- **Exercise directions**
Look below for the line containing "obtains a b"; from there, print each line exactly up to and including the line containing "u (fst (SOME", and stop.
----
lemma has_derivative_frechet_derivative_apply:
  fixes F :: "'a::euclidean_space \<Rightarrow> 'b::euclidean_space"
  assumes F: "smooth_on S F" and S: "open S" and p: "p \<in> S" and V: "(V has_derivative V') (at p)"
  shows "((\<lambda>q. frechet_derivative F (at q) (V q)) has_derivative
          (\<lambda>h. frechet_derivative F (at p) (V' h) + second_derivative F p (V p) h)) (at p)"
proof -
  have "((\<lambda>q. \<Sum>i\<in>Basis. (V q \<bullet> i) *\<^sub>R frechet_derivative F (at q) i) has_derivative
     (\<lambda>h. \<Sum>i\<in>Basis. (V p \<bullet> i) *\<^sub>R second_derivative F p i h
             + (V' h \<bullet> i) *\<^sub>R frechet_derivative F (at p) i)) (at p)"
    unfolding second_derivative_def
    by (intro has_derivative_sum has_derivative_scaleR has_derivative_inner_left[OF V]
          smooth_on_has_derivative[OF smooth_on_frechet_derivative[OF F] p])
  then have "((\<lambda>q. frechet_derivative F (at q) (V q)) has_derivative
     (\<lambda>h. \<Sum>i\<in>Basis. (V p \<bullet> i) *\<^sub>R second_derivative F p i h
             + (V' h \<bullet> i) *\<^sub>R frechet_derivative F (at p) i)) (at p)"
    by (rule has_derivative_transform_within_open[OF _ S p])
      (rule linear_basis_expansion[OF smooth_on_linear_derivative[OF F], symmetric])
  moreover have "(\<Sum>i\<in>Basis. (V p \<bullet> i) *\<^sub>R second_derivative F p i h
             + (V' h \<bullet> i) *\<^sub>R frechet_derivative F (at p) i)
      = frechet_derivative F (at p) (V' h) + second_derivative F p (V p) h" for h
    unfolding sum.distrib second_derivative_basis_expansion[OF F S p, of "V p"]
      linear_basis_expansion[OF smooth_on_linear_derivative[OF F p], of "V' h"]
    by (rule add.commute)
  ultimately show ?thesis by simp
qed

section \<open>Curvature of the snm-connection on \<open>\<real>\<^sup>3\<close>\<close>

definition snm_form :: "(R3 \<Rightarrow> R3) \<Rightarrow> R3 \<Rightarrow> R3 \<Rightarrow> R3 \<Rightarrow> real" where
  "snm_form C p x z = frechet_derivative C (at p) x \<bullet> z - (C p \<bullet> x) * (C p \<bullet> z)"

lemma snm_conn_has_derivative:
  assumes C: "smooth_on UNIV C" and Y: "smooth_on UNIV Y" and Z: "smooth_on UNIV Z"
  shows "(snm_conn C Y Z has_derivative (\<lambda>h.
      (frechet_derivative Z (at p) (frechet_derivative Y (at p) h) + second_derivative Z p (Y p) h)
      + ((C p \<bullet> Z p) *\<^sub>R frechet_derivative Y (at p) h
         + (C p \<bullet> frechet_derivative Z (at p) h + frechet_derivative C (at p) h \<bullet> Z p) *\<^sub>R Y p)))
      (at p)"
proof -
  note D = smooth_on_has_derivative[OF _ UNIV_I]
  have "((\<lambda>q. frechet_derivative Z (at q) (Y q)) has_derivative (\<lambda>h.
      frechet_derivative Z (at p) (frechet_derivative Y (at p) h) + second_derivative Z p (Y p) h)) (at p)"
    by (rule has_derivative_frechet_derivative_apply[OF Z open_UNIV UNIV_I D[OF Y]])
  moreover have "((\<lambda>q. (C q \<bullet> Z q) *\<^sub>R Y q) has_derivative (\<lambda>h. (C p \<bullet> Z p) *\<^sub>R frechet_derivative Y (at p) h
      + (C p \<bullet> frechet_derivative Z (at p) h + frechet_derivative C (at p) h \<bullet> Z p) *\<^sub>R Y p)) (at p)"
    by (intro has_derivative_scaleR has_derivative_inner D C Y Z)
  ultimately show ?thesis
    unfolding snm_conn_def flat_conn_def by (rule has_derivative_add)
qed

lemma curv_amb_eq:
  assumes C: "smooth_on UNIV C" and X: "smooth_on UNIV X" and Y: "smooth_on UNIV Y"
    and Z: "smooth_on UNIV Z"
  shows "curv_amb C X Y Z p
    = snm_form C p (X p) (Z p) *\<^sub>R Y p - snm_form C p (Y p) (Z p) *\<^sub>R X p"
proof -
  have D_snm: "frechet_derivative (snm_conn C A Z) (at p) (B p) =
      (frechet_derivative Z (at p) (frechet_derivative A (at p) (B p)) + second_derivative Z p (A p) (B p))
      + ((C p \<bullet> Z p) *\<^sub>R frechet_derivative A (at p) (B p)
         + (C p \<bullet> frechet_derivative Z (at p) (B p) + frechet_derivative C (at p) (B p) \<bullet> Z p) *\<^sub>R A p)"
    if A: "smooth_on UNIV A" for A B :: "R3 \<Rightarrow> R3"
    by (simp add: frechet_derivative_at[OF snm_conn_has_derivative[OF C A Z], symmetric])
  have snm_at: "snm_conn C A W p = frechet_derivative W (at p) (A p) + (C p \<bullet> W p) *\<^sub>R A p"
    for A W :: "R3 \<Rightarrow> R3"
    by (simp add: snm_conn_def flat_conn_def)
  have "second_derivative Z p (Y p) (X p) = second_derivative Z p (X p) (Y p)"
    by (rule second_derivative_symmetric[OF Z open_UNIV UNIV_I])
  moreover have "linear (frechet_derivative Z (at p))"
    by (rule smooth_on_linear_derivative[OF Z UNIV_I])
  ultimately show ?thesis
    unfolding curv_amb_def snm_at D_snm[OF X] D_snm[OF Y]
    unfolding snm_conn_def lie_amb_def flat_conn_def snm_form_def
    by (simp add: linear_diff algebra_simps inner_add_right inner_diff_right)
qed

lemma sec_amb_orthonormal:
  assumes C: "smooth_on UNIV C" and X1: "smooth_on UNIV X1" and X2: "smooth_on UNIV X2"
    and "norm (X1 p) = 1" "norm (X2 p) = 1" "X1 p \<bullet> X2 p = 0"
  shows "sec_amb C X1 X2 p = - (snm_form C p (X1 p) (X1 p) + snm_form C p (X2 p) (X2 p)) / 2"
  using assms(4-)
  by (simp add: sec_amb_def curv_amb_eq[OF C X1 X2 X2] curv_amb_eq[OF C X2 X1 X1]
      inner_diff_left norm_eq_1 inner_commute algebra_simps)

definition coord_field :: "(R2 \<Rightarrow> R3) \<Rightarrow> (R2 \<Rightarrow> R3) \<Rightarrow> R2 \<Rightarrow> R2" where
  "coord_field f E u = coord f u (E u)"

lemma some_onb_tangent:
  assumes "onb_tangent f u e1 e2"
  obtains a b where "(SOME (a, b). onb_tangent f u a b) = (a, b)" and "onb_tangent f u a b"
proof -
  have "onb_tangent f u (fst (SOME (a, b). onb_tangent f u a b)) (snd (SOME (a, b). onb_tangent f u a b))"
    using someI[of "\<lambda>(a, b). onb_tangent f u a b" "(e1, e2)"] assms by (simp add: case_prod_beta)
  then show thesis using that by (metis prod.collapse)
qed

text \<open>In the next two lemmas \<open>(p\<^sub>i, q\<^sub>i)\<close> are the coordinates of the \<open>i\<close>-th vector of a new
  orthonormal basis of the plane, and the left-hand sides are the determinant and the trace of the
  bilinear form \<open>(b\<^sub>j\<^sub>k)\<close> in that basis; orthonormality is assumed for the rows, respectively the
  columns, of the change of basis.\<close>
lemma det2_orthonormal_change:
  fixes p1 q1 p2 q2 b11 b12 b21 b22 :: real
  assumes "p1\<^sup>2 + q1\<^sup>2 = 1" "p2\<^sup>2 + q2\<^sup>2 = 1" "p1 * p2 + q1 * q2 = 0"
  shows "(p1*p1*b11 + p1*q1*b12 + q1*p1*b21 + q1*q1*b22) * (p2*p2*b11 + p2*q2*b12 + q2*p2*b21 + q2*q2*b22)
       - (p1*p2*b11 + p1*q2*b12 + q1*p2*b21 + q1*q2*b22) * (p2*p1*b11 + p2*q1*b12 + q2*p1*b21 + q2*q1*b22)
       = b11 * b22 - b12 * b21"
proof -
  have "(p1*q2 - q1*p2)\<^sup>2 = (p1\<^sup>2 + q1\<^sup>2) * (p2\<^sup>2 + q2\<^sup>2) - (p1*p2 + q1*q2)\<^sup>2"
    by (simp add: power2_eq_square algebra_simps)
  then have "(p1*q2 - q1*p2)\<^sup>2 = 1" using assms by simp
  moreover have "(p1*p1*b11 + p1*q1*b12 + q1*p1*b21 + q1*q1*b22) * (p2*p2*b11 + p2*q2*b12 + q2*p2*b21 + q2*q2*b22)
       - (p1*p2*b11 + p1*q2*b12 + q1*p2*b21 + q1*q2*b22) * (p2*p1*b11 + p2*q1*b12 + q2*p1*b21 + q2*q1*b22)
       = (p1*q2 - q1*p2)\<^sup>2 * (b11 * b22 - b12 * b21)"
    by (simp add: power2_eq_square algebra_simps)
  ultimately show ?thesis by simp
qed

lemma trace2_orthonormal_change:
  fixes p1 q1 p2 q2 b11 b12 b21 b22 :: real
  assumes "p1\<^sup>2 + p2\<^sup>2 = 1" "q1\<^sup>2 + q2\<^sup>2 = 1" "p1 * q1 + p2 * q2 = 0"
  shows "(p1*p1*b11 + p1*q1*b12 + q1*p1*b21 + q1*q1*b22) + (p2*p2*b11 + p2*q2*b12 + q2*p2*b21 + q2*q2*b22)
       = b11 + b22"
proof -
  have "(p1*p1*b11 + p1*q1*b12 + q1*p1*b21 + q1*q1*b22) + (p2*p2*b11 + p2*q2*b12 + q2*p2*b21 + q2*q2*b22)
     = (p1\<^sup>2 + p2\<^sup>2) * b11 + (p1*q1 + p2*q2) * (b12 + b21) + (q1\<^sup>2 + q2\<^sup>2) * b22"
    by (simp add: power2_eq_square algebra_simps)
  then show ?thesis using assms by simp
qed

locale immersed_surface =
  fixes f N :: "R2 \<Rightarrow> R3" and U :: "R2 set"
  assumes U_open: "open U"
    and f_smooth: "smooth_on U f"
    and f_imm: "\<forall>u\<in>U. inj (frechet_derivative f (at u))"
    and N_smooth: "smooth_on U N"
    and N_normal: "\<forall>u\<in>U. \<forall>v\<in>tangent_space f u. v \<bullet> N u = 0"
begin

lemma linear_df: "u \<in> U \<Longrightarrow> linear (frechet_derivative f (at u))"
  by (rule smooth_on_linear_derivative[OF f_smooth])

lemma coord_df: "u \<in> U \<Longrightarrow> coord f u (frechet_derivative f (at u) \<xi>) = \<xi>"
  unfolding coord_def using f_imm by (metis (mono_tags, lifting) injD someI)

lemma df_coord: "u \<in> U \<Longrightarrow> v \<in> tangent_space f u \<Longrightarrow> frechet_derivative f (at u) (coord f u v) = v"
  unfolding tangent_space_def by (auto simp: coord_df)

lemma tangent_field_normal: "tangent_field f U E \<Longrightarrow> u \<in> U \<Longrightarrow> E u \<bullet> N u = 0"
  using N_normal unfolding tangent_field_def by auto

lemma df_coord_field: "tangent_field f U E \<Longrightarrow> u \<in> U \<Longrightarrow> frechet_derivative f (at u) (coord_field f E u) = E u"
  unfolding tangent_field_def coord_field_def by (auto simp: df_coord)

definition partial1 :: "R2 \<Rightarrow> R3" where
  "partial1 u = frechet_derivative f (at u) (axis 1 1)"

definition partial2 :: "R2 \<Rightarrow> R3" where
  "partial2 u = frechet_derivative f (at u) (axis 2 1)"

definition gram_det :: "R2 \<Rightarrow> real" where
  "gram_det u = (partial1 u \<bullet> partial1 u) * (partial2 u \<bullet> partial2 u) - (partial1 u \<bullet> partial2 u)\<^sup>2"

lemma df_eq_partials:
  assumes "u \<in> U"
  shows "frechet_derivative f (at u) \<xi> = (\<xi>$1) *\<^sub>R partial1 u + (\<xi>$2) *\<^sub>R partial2 u"
proof -
  have "\<xi> = (\<xi>$1) *\<^sub>R axis 1 1 + (\<xi>$2) *\<^sub>R axis 2 1"
    by (simp add: vec_eq_iff forall_2 axis_def)
  then show ?thesis
    unfolding partial1_def partial2_def
    by (metis linear_add[OF linear_df[OF assms]] linear_cmul[OF linear_df[OF assms]])
qed

lemma gram_det_nonzero:
  assumes u: "u \<in> U"
  shows "gram_det u \<noteq> 0"
proof
  assume g: "gram_det u = 0"
  have inj0: "frechet_derivative f (at u) \<xi> = 0 \<Longrightarrow> \<xi> = 0" for \<xi>
    using f_imm u linear_injective_0[OF linear_df[OF u]] by auto
  define w where "w = (partial2 u \<bullet> partial2 u) *\<^sub>R partial1 u - (partial1 u \<bullet> partial2 u) *\<^sub>R partial2 u"
  have "w \<bullet> w = (partial2 u \<bullet> partial2 u) * gram_det u"
    unfolding w_def gram_det_def
    by (simp add: inner_diff_left inner_diff_right algebra_simps power2_eq_square inner_commute)
  then have "frechet_derivative f (at u) (vector [partial2 u \<bullet> partial2 u, - (partial1 u \<bullet> partial2 u)]) = 0"
    using g by (simp add: df_eq_partials[OF u] w_def)
  then have "partial2 u \<bullet> partial2 u = 0"
    using inj0 by (metis vector_2(1) zero_index)
  then have "axis 2 1 = (0::R2)"
    using inj0 unfolding partial2_def by (metis inner_eq_zero_iff)
  then show False by (simp add: axis_eq_0_iff)
qed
----
- **Response for this exercise**
  obtains a b where "(SOME (a, b). onb_tangent f u a b) = (a, b)" and "onb_tangent f u a b"
proof -
  have "onb_tangent f u (fst (SOME (a, b). onb_tangent f u a b)) (snd (SOME (a, b). onb_tangent f u a b))"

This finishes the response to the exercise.